Overview
Anthropic has announced a major update to Claude Code Skills. The most prominent change is the introduction of a built-in benchmarking system. You can now quantify whether a skill actually improves output quality through A/B testing, and Skill Creator V2 automates the entire lifecycle from test case generation through iterative improvement. New frontmatter options also provide fine-grained control over how skills execute.
Two Skill Categories: Capability Uplift vs. Inquiry Preference
Anthropic has formally divided skills into two categories.
Capability Uplift Skills
Skills that enable the model to do something it fundamentally cannot do on its own. Specific API call patterns and external tool integrations fall here. This type of skill may become unnecessary as the model improves — once the model absorbs the capability itself, the skill is redundant.
Inquiry Preference Skills
Skills that enforce a user’s specific workflow or preferences. Examples: “always respond in Korean,” “follow the security checklist on every PR review.” This type will never be deprecated, because it captures requirements that are inherently user-specific, regardless of how powerful the model becomes.
This classification matters because of the benchmarking system described next. Capability Uplift skills can be retired based on benchmark results when the model has absorbed the underlying capability.
Benchmarking System: Proving a Skill’s Value with Data
This is V2’s flagship feature — a built-in evaluation system that quantitatively measures whether a skill actually improves output quality.
How It Works
Multi-agent support allows A/B tests to run simultaneously. One agent with the skill and one without perform the same task, and results are compared against evaluation criteria.
Example Auto-Generated Evaluation Criteria
Seven criteria Skill Creator automatically generated for a social media post generation skill:
| # | Criteria | Description |
|---|---|---|
| 1 | Platform coverage | Was a post generated for every specified platform? |
| 2 | Language match | Was it written in the requested language? |
| 3 | X character limit | Does the X (Twitter) post respect the character limit? |
| 4 | Hashtags | Were appropriate hashtags included? |
| 5 | Factual content | Is the content factually consistent with the source material? |
| 6 | Tone differentiation | Is the tone appropriately differentiated per platform? |
| 7 | Tone compliance | Does it follow the specified tone guidelines? |
If scores differ meaningfully with and without the skill, the skill has value. If scores are similar, the model already has the capability and the skill is unnecessary.
Skill Creator V2: Automate the Full Lifecycle
With Skill Creator upgraded to V2, it goes beyond simple generation to automate the entire skill lifecycle.
Installation and Usage
- Run
/plugin - Search for “skill creator skill” and install
- Describe the desired skill in natural language
- Automatic: skill generation → test case generation → benchmark execution → result review
The Automated Loop
Improving existing skills is also supported. Hand an existing skill to Skill Creator and it benchmarks current performance, identifies areas for improvement, and optimizes iteratively.

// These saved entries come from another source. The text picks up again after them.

lemma list_prod_pow_center:
  fixes e f :: "'a \<Rightarrow> nat"
  assumes a: "a \<in> carrier G" and z: "z \<in> Z"
    and form: "\<forall>g\<in>set gs. g = a [^] e g \<otimes> z [^] f g"
  shows "list_prod G gs = a [^] sum_list (map e gs) \<otimes> z [^] sum_list (map f gs)"
  using form
proof (induction gs)
  case Nil
  then show ?case
    using a z center_subset by (auto simp: list_prod_def)
next
  case (Cons g gs)
  have zc: "z \<in> carrier G"
    using z center_subset by auto
  have zg: "z [^] f g \<in> Z"
    using subgroup_int_pow_closed[OF center_subgroup z, of "int (f g)"] by (simp add: int_pow_int)
  have "list_prod G (g # gs) = a [^] e g \<otimes> z [^] f g \<otimes> (a [^] sum_list (map e gs) \<otimes> z [^] sum_list (map f gs))"
    using Cons by (simp add: list_prod_def)
  also have "\<dots> = a [^] e g \<otimes> (a [^] sum_list (map e gs) \<otimes> (z [^] f g \<otimes> z [^] sum_list (map f gs)))"
    using a zc center_left_commute[OF zg, of "a [^] sum_list (map e gs)" "z [^] sum_list (map f gs)"]
    by (simp add: m_assoc)
  also have "\<dots> = a [^] sum_list (map e (g # gs)) \<otimes> z [^] sum_list (map f (g # gs))"
    using a zc by (simp add: m_assoc[symmetric] nat_pow_mult)
  finally show ?case .
qed

lemma center_eq_powers: "\<exists>z\<in>Z. Z = (\<lambda>k. z [^] (k::nat)) ` {..<p}"
proof -
  have "\<not> Z \<subseteq> {\<one>}"
    using card_center p_ge_2 card_mono[of "{\<one>}" Z] by auto
  then obtain z where z: "z \<in> Z" "z \<noteq> \<one>"
    by blast
  then have zc: "z \<in> carrier G"
    using center_subset by auto
  have inj: "inj_on (\<lambda>k. z [^] (k::nat)) {..<p}"
  proof (rule inj_onI)
    fix k k' assume k: "k \<in> {..<p}" "k' \<in> {..<p}" and eq: "z [^] k = z [^] k'"
    have "z [^] (int k - int k') \<in> {\<one>}"
      using zc eq by (simp add: int_pow_diff int_pow_int)
    then show "k = k'"
      using eq_of_pow_diff_mem[OF triv_subgroup zc] z(2) k by auto
  qed
  moreover have "(\<lambda>k. z [^] (k::nat)) ` {..<p} \<subseteq> Z"
    using subgroup_int_pow_closed[OF center_subgroup z(1)] by (auto simp: int_pow_int[symmetric])
  moreover have "card ((\<lambda>k. z [^] (k::nat)) ` {..<p}) = card Z"
    using card_image[OF inj] card_center by simp
  ultimately have "(\<lambda>k. z [^] (k::nat)) ` {..<p} = Z"
    by (intro card_subset_eq[OF finite_center])
  then show ?thesis
    using z(1) by blast
qed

Built-in progressive disclosure guidance walks users through skill creation step by step, making it accessible even for those without prior skill-writing experience.
Improved Implicit Triggering
Previous versions had reliability issues with implicit triggers (auto-execution without a slash command). V2 has the Skill Creator perform description optimization alongside skill generation, significantly improving implicit triggering accuracy. The skill’s description is automatically refined to communicate more clearly to the model when to invoke it.
New Frontmatter Options
New frontmatter options in V2 enable fine-grained control over skill behavior.
| Option | Description |
|---|---|
user_invocable: false | Only the model can trigger it; users cannot invoke it directly |
user_enable: false | Users cannot invoke it via slash command |
allow_tools | Restrict which tools the skill can use |
model | Specify the model to run the skill with |
context: fork | Run the skill in a sub-agent |
agents | Define sub-agents (requires context: fork) |
hooks | Define per-skill hooks in YAML format |
The context: fork + agents combination is particularly interesting. It delegates skill execution to a separate sub-agent, so the skill works independently without contaminating the main context. The benchmarking system’s multi-agent A/B test also runs on this foundation.
user_invocable: false is useful for creating “background skills” that aren’t exposed to users and are invoked internally by the model based on its own judgment.
Quick Links
Insights
The core of this V2 update is that the effectiveness of a skill can now be measured objectively.
Until now, skills operated on the assumption that “adding a skill will make things better.” With built-in benchmarking, you can finally determine with data whether a skill actually improves output quality, or whether you’re adding unnecessary prompt overhead on top of something the model already handles well.
The Capability Uplift vs. Inquiry Preference classification is equally practical. Instead of treating all skills identically, it provides a framework for distinguishing skills that should naturally be retired as the model advances from skills that should be maintained permanently.
Skill Creator V2 automating the generation-evaluation-improvement loop dramatically lowers the barrier to entry. Skill writing used to be squarely in the domain of prompt engineering. Now you just describe what you want, and an optimized, benchmark-validated skill comes out the other end. The skill ecosystem is set to grow rapidly in both quantity and quality.